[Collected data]
lemma MQ_right_bij:
  assumes "V \<in> MQ A C"
  shows "bij_betw (\<lambda>U. MQ_op A C U V) (MQ A C) (MQ A C)"
proof -
  obtain y where y: "y \<in> qterms A" "V = mq_rel A C `` {y}"
    using assms by (auto simp: MQ_iff)
  show ?thesis
  proof (rule bij_betw_imageI)
    show "inj_on (\<lambda>U. MQ_op A C U V) (MQ A C)"
    proof (rule inj_onI)
      fix U U' assume U: "U \<in> MQ A C" and U': "U' \<in> MQ A C"
        and eq: "MQ_op A C U V = MQ_op A C U' V"
      obtain x where x: "x \<in> qterms A" "U = mq_rel A C `` {x}"
        using U by (auto simp: MQ_iff)
      obtain x' where x': "x' \<in> qterms A" "U' = mq_rel A C `` {x'}"
        using U' by (auto simp: MQ_iff)
      have "(Op x y, Op x' y) \<in> mq_rel A C"
        using eq x x' y by (simp add: MQ_op_class mq_rel_class_eq_iff)
      then have "(LOp (Op x y) y, LOp (Op x' y) y) \<in> mq_rel A C"
        using y by (simp add: mq_rel.cong_LOp mq_rel.refl)
      then have "(x, x') \<in> mq_rel A C"
        using x x' y by (meson mq_rel.inv2 mq_rel.sym mq_rel.trans)
      then show "U = U'" using x x' by (simp add: mq_rel_class_eq_iff)
    qed
    have "mq_rel A C `` {z} \<in> (\<lambda>U. MQ_op A C U V) ` MQ A C" if "z \<in> qterms A" for z
      using MQ_op_class_LOp[OF that y(1), of C] that y by (auto intro!: image_eqI)
    then show "(\<lambda>U. MQ_op A C U V) ` MQ A C = MQ A C"
      using MQ_op_closed[OF _ assms] by (auto simp: MQ_iff[of _ A C])
  qed
qed

lemma medial_quandle_MQ: "medial_quandle (MQ A C) (MQ_op A C)"
proof
  fix w x y z assume "w \<in> MQ A C" "x \<in> MQ A C" "y \<in> MQ A C" "z \<in> MQ A C"
  then obtain s t u v where "s \<in> qterms A" "t \<in> qterms A" "u \<in> qterms A" "v \<in> qterms A"
    "w = mq_rel A C `` {s}" "x = mq_rel A C `` {t}" "y = mq_rel A C `` {u}" "z = mq_rel A C `` {v}"
    by (auto simp: MQ_iff)
  then show "MQ_op A C (MQ_op A C w x) (MQ_op A C y z) = MQ_op A C (MQ_op A C w y) (MQ_op A C x z)"
    by (simp add: MQ_op_class mq_rel_class_eq_iff mq_rel.medial)
next
  fix x y z assume "x \<in> MQ A C" "y \<in> MQ A C" "z \<in> MQ A C"
  then obtain t u v where "t \<in> qterms A" "u \<in> qterms A" "v \<in> qterms A"
    "x = mq_rel A C `` {t}" "y = mq_rel A C `` {u}" "z = mq_rel A C `` {v}"
    by (auto simp: MQ_iff)
  then show "MQ_op A C (MQ_op A C x y) z = MQ_op A C (MQ_op A C x z) (MQ_op A C y z)"
    by (simp add: MQ_op_class mq_rel_class_eq_iff mq_rel.distr)
next
  fix x y assume "x \<in> MQ A C" "y \<in> MQ A C"
  then show "MQ_op A C x y \<in> MQ A C" by (rule MQ_op_closed)
qed (rule MQ_right_bij)

lemma arc_elem_in_MQ [simp]: "a \<in> A \<Longrightarrow> arc_elem A C a \<in> MQ A C"
  by (simp add: arc_elem_def)

lemma MQ_op_arc_elem_crossing:
  assumes "diagram A C" "(a1, a2, a3) \<in> C"
  shows "MQ_op A C (arc_elem A C a2) (arc_elem A C a1) = arc_elem A C a3"
proof -
  have "a1 \<in> A" "a2 \<in> A" "a3 \<in> A"
    using assms by (auto simp: diagram_def)
  then show ?thesis
    using mq_rel.crossing[OF assms(2)]
    by (simp add: arc_elem_def MQ_op_class mq_rel_class_eq_iff)
qed

lemma generates_quandle_arcs: "generates_quandle (MQ A C) (MQ_op A C) (arc_elem A C ` A)"
  unfolding generates_quandle_def
proof (intro allI impI subsetI)
  fix S U
  assume arcs: "arc_elem A C ` A \<subseteq> S" and op: "\<forall>x\<in>S. \<forall>y\<in>S. MQ_op A C x y \<in> S"
    and div: "\<forall>x\<in>MQ A C. \<forall>y\<in>S. MQ_op A C x y \<in> S \<longrightarrow> x \<in> S" and "U \<in> MQ A C"
  have "t \<in> qterms A \<Longrightarrow> mq_rel A C `` {t} \<in> S" for t
  proof (induction t)
    case (Gen a)
    then show ?case using arcs by (auto simp: arc_elem_def)
  next
    case (Op t1 t2)
    then have "MQ_op A C (mq_rel A C `` {t1}) (mq_rel A C `` {t2}) \<in> S"
      using op by simp
    then show ?case using Op.prems by (simp add: MQ_op_class)
  next
    case (LOp t1 t2)
    then have "MQ_op A C (mq_rel A C `` {LOp t1 t2}) (mq_rel A C `` {t2}) \<in> S"
      by (simp add: MQ_op_class_LOp)
    moreover have "mq_rel A C `` {LOp t1 t2} \<in> MQ A C" "mq_rel A C `` {t2} \<in> S"
      using LOp by simp_all
    ultimately show ?case
      using div by blast
  qed
  then show "U \<in> S" using \<open>U \<in> MQ A C\<close> by (auto simp: MQ_iff)
qed

theorem proposition29:
  fixes A :: "'a set" and C :: "('a \<times> 'a \<times> 'a) set" and astar :: 'a
  assumes "diagram A C" and "astar \<in> A"
  defines "Q \<equiv> MQ A C" and "G \<equiv> BijGroup (MQ A C)"
  defines "\<beta> \<equiv> (\<lambda>a. qbeta (MQ A C) (MQ_op A C) (arc_elem A C a))"
  defines "d \<equiv> (\<lambda>a. \<beta> a \<otimes>\<^bsub>G\<^esub> inv\<^bsub>G\<^esub> (\<beta> astar))"
  shows "\<exists>sm. module Lambda (DisMod Q (MQ_op A C) sm)
     \<and> (\<forall>m::int. \<forall>x \<in> Dis Q (MQ_op A C). sm (of_int m) x = x [^]\<^bsub>G\<^esub> m)
     \<and> (\<forall>n::int. \<forall>x \<in> Dis Q (MQ_op A C).
          sm (fls_X_intpow n) x = (\<beta> astar [^]\<^bsub>G\<^esub> n) \<otimes>\<^bsub>G\<^esub> x \<otimes>\<^bsub>G\<^esub> inv\<^bsub>G\<^esub> (\<beta> astar [^]\<^bsub>G\<^esub> n))
     \<and> (\<forall>(a1, a2, a3) \<in> C.
          (sm (1 - fls_X) (d a1) \<oplus>\<^bsub>DisMod Q (MQ_op A C) sm\<^esub> sm fls_X (d a2))
            \<ominus>\<^bsub>DisMod Q (MQ_op A C) sm\<^esub> d a3 = \<zero>\<^bsub>DisMod Q (MQ_op A C) sm\<^esub>)
     \<and> (\<forall>N. submodule N Lambda (DisMod Q (MQ_op A C) sm) \<and> d ` A \<subseteq> N
          \<longrightarrow> Dis Q (MQ_op A C) \<subseteq> N)"
proof -
  interpret M: based_medial_quandle "MQ A C" "MQ_op A C" "arc_elem A C astar"
    by (intro based_medial_quandle.intro based_medial_quandle_axioms.intro medial_quandle_MQ
        arc_elem_in_MQ assms(2))
  have Dis: "Dis Q (MQ_op A C) = M.Disp"
    and Mod: "DisMod Q (MQ_op A C) M.lsmult = M.Disp_module"
    unfolding Q_def by (rule M.Dis_eq_Disp M.DisMod_eq_Disp_module)+
  have d: "d a = M.disp (\<beta> a)" for a
    by (simp add: d_def M.disp_def G_def \<beta>_def)
  show ?thesis
  proof (intro exI[of _ M.lsmult], unfold Mod Dis, intro conjI)
    show "module Lambda M.Disp_module" by (rule M.module_Disp_module)
    show "\<forall>m::int. \<forall>x \<in> M.Disp. M.lsmult (of_int m) x = x [^]\<^bsub>G\<^esub> m"
      using M.lsmult_of_int by (simp add: G_def)
    show "\<forall>n::int. \<forall>x \<in> M.Disp. M.lsmult (fls_X_intpow n) x
        = \<beta> astar [^]\<^bsub>G\<^esub> n \<otimes>\<^bsub>G\<^esub> x \<otimes>\<^bsub>G\<^esub> inv\<^bsub>G\<^esub> (\<beta> astar [^]\<^bsub>G\<^esub> n)"
      using M.lsmult_X_intpow by (simp add: M.twist_def G_def \<beta>_def)
    show "\<forall>(a1, a2, a3) \<in> C. (M.lsmult (1 - fls_X) (d a1) \<oplus>\<^bsub>M.Disp_module\<^esub> M.lsmult fls_X (d a2))
        \<ominus>\<^bsub>M.Disp_module\<^esub> d a3 = \<zero>\<^bsub>M.Disp_module\<^esub>"
    proof (intro ballI, clarify)
      fix a1 a2 a3 assume crossing: "(a1, a2, a3) \<in> C"
      then have "a1 \<in> A" "a2 \<in> A" using assms(1) by (auto simp: diagram_def)
      then show "(M.lsmult (1 - fls_X) (d a1) \<oplus>\<^bsub>M.Disp_module\<^esub> M.lsmult fls_X (d a2))
          \<ominus>\<^bsub>M.Disp_module\<^esub> d a3 = \<zero>\<^bsub>M.Disp_module\<^esub>"
        using M.crossing_relation_qbeta[of "arc_elem A C a1" "arc_elem A C a2"]
        by (simp add: d \<beta>_def MQ_op_arc_elem_crossing[OF assms(1) crossing])
    qed
    show "\<forall>N. submodule N Lambda M.Disp_module \<and> d ` A \<subseteq> N \<longrightarrow> M.Disp \<subseteq> N"
    proof (intro allI impI, elim conjE)
      fix N assume N: "submodule N Lambda M.Disp_module" and "d ` A \<subseteq> N"
      then have "M.disp (qbeta (MQ A C) (MQ_op A C) u) \<in> N" if "u \<in> arc_elem A C ` A" for u
        using that by (auto simp: d \<beta>_def)
      moreover have "arc_elem A C ` A \<subseteq> MQ A C" by auto
      ultimately show "M.Disp \<subseteq> N"
        using M.Dis_subset_submodule[OF generates_quandle_arcs _ N] by (simp add: Dis[symmetric] Q_def)
    qed
  qed
qed

end
text \<open>The combination of two admissible controls: \<open>mix_control\<close> dominates the convex
  combination of the controls, hence is nonnegative, and keeps the state positive.\<close>
lemma mix_control_admissible:
  assumes H: "\<eta> \<in> H_plus T" "\<eta>' \<in> H_plus T" and l: "0 \<le> l" "l \<le> 1"
    and c: "c \<in> admissible T r a f0 \<eta>" and c': "c' \<in> admissible T r a f0 \<eta>'"
  defines "x \<equiv> state T r a f0 \<eta> c" and "x' \<equiv> state T r a f0 \<eta>' c'"
  shows "mix_control l c c' x x' \<in> admissible T r a f0 (comb l \<eta> \<eta>')"
    and "state T r a f0 (comb l \<eta> \<eta>') (mix_control l c c' x x') = mix l x x'"
    and "\<And>s. s \<ge> 0 \<Longrightarrow> mix l c c' s \<le> mix_control l c c' x x' s"
proof -
  have L: "L2_on T (snd \<eta>)" "L2_on T (snd \<eta>')" using H by (auto simp: H_plus_def)
  note adm = admissibleD[OF c, folded x_def] admissibleD[OF c', folded x'_def]
  have sx: "is_state T r a f0 \<eta> c x" and x_pos: "\<forall>t\<ge>0. x t > 0"
    and sx': "is_state T r a f0 \<eta>' c' x'" and x'_pos: "\<forall>t\<ge>0. x' t > 0"
    and c_nonneg: "\<forall>t\<ge>0. c t \<ge> 0" and c'_nonneg: "\<forall>t\<ge>0. c' t \<ge> 0"
    using adm by blast+
  have L_comb: "L2_on T (snd (comb l \<eta> \<eta>'))"
    using comb_in_H_plus[OF H l] by (simp add: H_plus_def)
  have s_comb: "is_state T r a f0 (comb l \<eta> \<eta>') (mix_control l c c' x x') (mix l x x')"
    using mix_is_state[OF L sx sx' l] .
  show st: "state T r a f0 (comb l \<eta> \<eta>') (mix_control l c c' x x') = mix l x x'"
    by (rule state_eq[OF L_comb s_comb])
  show ge: "mix l c c' s \<le> mix_control l c c' x x' s" if s: "s \<ge> 0" for s
  proof -
    have "l * drift x s + (1 - l) * drift x' s \<le> drift (mix l x x') s"
      using drift_mix_concave[OF state_history_path[OF L(1) sx] state_history_path[OF L(2) sx'] s]
        x_pos x'_pos l s by (simp add: less_imp_le)
    then show ?thesis unfolding mix_control_def by linarith
  qed
  have nonneg: "mix_control l c c' x x' t \<ge> 0" if t: "t \<ge> 0" for t
  proof -
    have "0 \<le> mix l c c' t" using c_nonneg c'_nonneg l t by (simp add: mix_def)
    then show ?thesis using ge[OF t] by linarith
  qed
  have pos: "mix l x x' t > 0" if t: "t \<ge> 0" for t
  proof -
    have xt: "0 < x t" and x't: "0 < x' t" using x_pos x'_pos t by auto
    have "0 \<le> l * x t" "0 \<le> (1 - l) * x' t" using l xt x't by simp_all
    moreover have "0 < l * x t \<or> 0 < (1 - l) * x' t"
      using l xt x't by (cases "l = 0") simp_all
    ultimately show ?thesis unfolding mix_def by linarith
  qed
  have ctrl: "control (mix_control l c c' x x')"
    unfolding control_def by (intro conjI allI impI nonneg mix_control_integrable[OF L sx sx' l])
  show "mix_control l c c' x x' \<in> admissible T r a f0 (comb l \<eta> \<eta>')"
    unfolding admissible_def mem_Collect_eq st by (intro conjI allI impI ctrl s_comb pos)
qed

end


subsection \<open>Concavity of the value function\<close>

locale control_problem = concave_state_equation +
  fixes \<rho> M :: real and U1 U2 :: "real \<Rightarrow> real"
  assumes rho_pos: "\<rho> > 0" and M_nonneg: "M \<ge> 0"
    and utility_bound: "\<And>u v. 0 \<le> u \<Longrightarrow> 0 < v \<Longrightarrow> U1 u + U2 v \<le> M"
    and U1_cont: "continuous_on {0..} U1"
    and U1_mono: "\<And>u v. 0 \<le> u \<Longrightarrow> u \<le> v \<Longrightarrow> U1 u \<le> U1 v"
    and U1_concave: "concave_on {0..} U1"
    and U2_cont: "continuous_on {0<..} U2"
    and U2_concave: "concave_on {0<..} U2"
begin

definition payoff :: "(real \<Rightarrow> real) \<Rightarrow> (real \<Rightarrow> real) \<Rightarrow> real \<Rightarrow> real" where
  "payoff c x t = indicator {0..} t * (exp (-\<rho> * t) * (U1 (c t) + U2 (x t)))"

lemma J_eq_eintegral: "J T r \<rho> a f0 U1 U2 \<eta> c = eintegral (payoff c (state T r a f0 \<eta> c))"
  by (simp add: J_def objective_eq_eintegral payoff_def[abs_def])

definition payoff_bound :: "real \<Rightarrow> real" where
  "payoff_bound t = M * (indicator {0..} t * exp (-\<rho> * t))"

lemma payoff_bound_integrable: "integrable lborel payoff_bound"
  unfolding payoff_bound_def using discount_integrable[OF rho_pos] by simp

**YOUR OBJECTIVE**
Beginning at the first line above, repeat exactly until the line containing "proof (rule inj_onI)", which is included.

**EXERCISE OUTPUT**
lemma MQ_right_bij:
  assumes "V \<in> MQ A C"
  shows "bij_betw (\<lambda>U. MQ_op A C U V) (MQ A C) (MQ A C)"
proof -
  obtain y where y: "y \<in> qterms A" "V = mq_rel A C `` {y}"
    using assms by (auto simp: MQ_iff)
  show ?thesis
  proof (rule bij_betw_imageI)
    show "inj_on (\<lambda>U. MQ_op A C U V) (MQ A C)"
    proof (rule inj_onI)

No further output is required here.